VECTOR_QUERY_FLOAT32	Vector search	Performs approximate nearest neighbor (ANN) queries.
SCORE()	Vector search	Returns the relevance score of a vector search result.
->>	JSON function	Extracts a value at the specified path and converts it to a string.
JSON_UNQUOTE	JSON function	Removes the outer quotation marks from a JSON value.
JSON_EXTRACT	JSON function	Extracts the sub-document at the specified path.

Full-text search

Match data in Text-type fields with TEXT_MATCH for token matching or TEXT_MATCH_PHRASE for phrase matching.

Note

Before you use full-text search, configure the target column as the Text type in the search index and set a Tokenization. For columns with fuzzy tokenization, use TEXT_MATCH_PHRASE for high-performance fuzzy queries.

TEXT_MATCH (match query)

Tokenizes the query text and matches rows that contain at least one token. Returns a Boolean value: true for a match, false for no match.

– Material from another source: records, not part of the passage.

lemma mem_Lambda1_iff: "p \<in> Lambda1 q \<longleftrightarrow> level p \<in> \<int> \<and> p$2 \<in> \<int> \<and> p$3 \<in> \<int>"
proof -
  have p': "(-1::int) mod int q = int q - 1"
    using q_ge_1 by (simp add: zmod_minus1)
  show ?thesis
  proof
    assume "p \<in> Lambda1 q"
    then obtain a b c k :: int
      where p: "p = pt (of_int (int q * a + k * (int q - 1))) (of_int (int q * b + k)) (of_int c)"
      unfolding Lambda1_def Let_def p' by blast
    have "level p = of_int (a + b + k)"
      using q_pos unfolding p level_def by (simp add: field_simps)
    then show "level p \<in> \<int> \<and> p$2 \<in> \<int> \<and> p$3 \<in> \<int>" unfolding p by simp
  next
    assume "level p \<in> \<int> \<and> p$2 \<in> \<int> \<and> p$3 \<in> \<int>"
    then obtain m y z :: int where m: "level p = of_int m" "p$2 = of_int y" "p$3 = of_int z"
      by (meson Ints_cases)
    then have "p$1 = of_int (int q * (m - y) + y * (int q - 1))"
      using q_pos unfolding level_def by (simp add: field_simps)
    then have "p = pt (of_int (int q * (m - y) + y * (int q - 1))) (of_int (int q * 0 + y)) (of_int z)"
      using m by (simp add: vec3_eq_iff)
    then show "p \<in> Lambda1 q"
      unfolding Lambda1_def Let_def p' by blast
  qed
qed
(* Let $\lambda>0$, $T\ge 1$, $X>0$, $Y>0$, and let $x_1,\dots,x_T\in\mathbb{R}^d$ with $\|x_t\|_2\le X$ and $y_1,\dots,y_T\in[-Y,Y]$ be arbitrary. Then for $\mathcal{A}\in\{\texttt{r},\texttt{f}\}$, $$R_T^{\mathcal{A}}\le c^{\mathcal{A}}\,(Y^{\mathcal{A}})^2\, d\log\Big(1+\frac{TX^2}{\lambda d}\Big)+\frac{\lambda\,(Y^{\mathcal{A}})^2\,T}{\lambda_{r_T}(G_T(0))},$$ where $c^{\texttt{r}}=4$, $c^{\texttt{f}}=1$, $Y^{\texttt{r}}=\max\{Y,\max_{1\le t\le T}|x_t^\top\theta^{\texttt{r}}_{t-1}|\}$, $Y^{\texttt{f}}=Y$, $r_T=\operatorname{rank}(G_T(0))$ and $\lambda_{r_T}(G_T(0))$ is the smallest positive eigenvalue of $G_T(0)$.
   Context: Online regression with square loss: at each round $t$ the learner receives $x_t\in\mathbb{R}^d$, predicts $\hat y_t=x_t^\top\theta_{t-1}$, then observes $y_t$ and incurs $\ell_t=(\hat y_t-y_t)^2$. Write $\ell_t(\theta)=(x_t^\top\theta-y_t)^2$, $L_T(\theta)=\sum_{t=1}^T\ell_t(\theta)$, $L_T^{\mathcal{A}}=\sum_{t=1}^T(x_t^\top\theta^{\mathcal{A}}_{t-1}-y_t)^2$, and the regret $R_T^{\mathcal{A}}=L_T^{\mathcal{A}}-\min_{\theta\in\mathbb{R}^d}L_T(\theta)$. Let $G_t(\lambda)=\lambda I+\sum_{q=1}^t x_qx_q^\top$ and $b_t=\sum_{q=1}^t x_qy_q$. Online ridge regression ($\mathcal{A}=\texttt{r}$) uses $\theta^{\texttt{r}}_t=G_t(\lambda)^{-1}b_t$ (so $\theta_0^{\texttt r}=0$). The forward algorithm ($\mathcal{A}=\texttt{f}$) uses $\theta^{\texttt{f}}_{t-1}=G_t(\lambda)^{-1}b_{t-1}$, i.e. $\theta^{\texttt f}_{t-1}\in\arg\min_\theta L_{t-1}(\theta)+(x_t^\top\theta)^2+\lambda\|\theta\|_2^2$. *)

theory Defs
  imports "HOL-Analysis.Analysis"
begin

definition outer :: "real^'d \<Rightarrow> real^'d^'d" where
  "outer x = (\<chi> i j. x$i * x$j)"

definition Gmat :: "(nat \<Rightarrow> real^'d) \<Rightarrow> real \<Rightarrow> nat \<Rightarrow> real^'d^'d" where
  "Gmat x lam t = lam *\<^sub>R mat 1 + (\<Sum>q=1..t. outer (x q))"

definition bvec :: "(nat \<Rightarrow> real^'d) \<Rightarrow> (nat \<Rightarrow> real) \<Rightarrow> nat \<Rightarrow> real^'d" where
  "bvec x y t = (\<Sum>q=1..t. y q *\<^sub>R x q)"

TEXT_MATCH(fieldName, text [, options])

Parameter	Type	Description
fieldName	STRING	The name of the column to match. The column must be the Text type in the search index.
text	STRING	The query text. The text is tokenized and then matched against the row data. A row matches if it contains any token. The search index tokenizer determines how the text is split into tokens. If no tokenizer is specified, single-character tokenization is used by default.
options	STRING	Optional match parameters, including operator (the logical operator, which can be OR or AND, default OR) and minimum_should_match (the minimum number of matching tokens, default 1). If operator is OR, a row matches when it contains at least minimum_should_match tokens. If operator is AND, all tokens must be present in the row.

TEXT_MATCH_PHRASE (phrase match query)

Similar to TEXT_MATCH, but requires the tokens to appear consecutively in the same order in the row data. Returns a Boolean value.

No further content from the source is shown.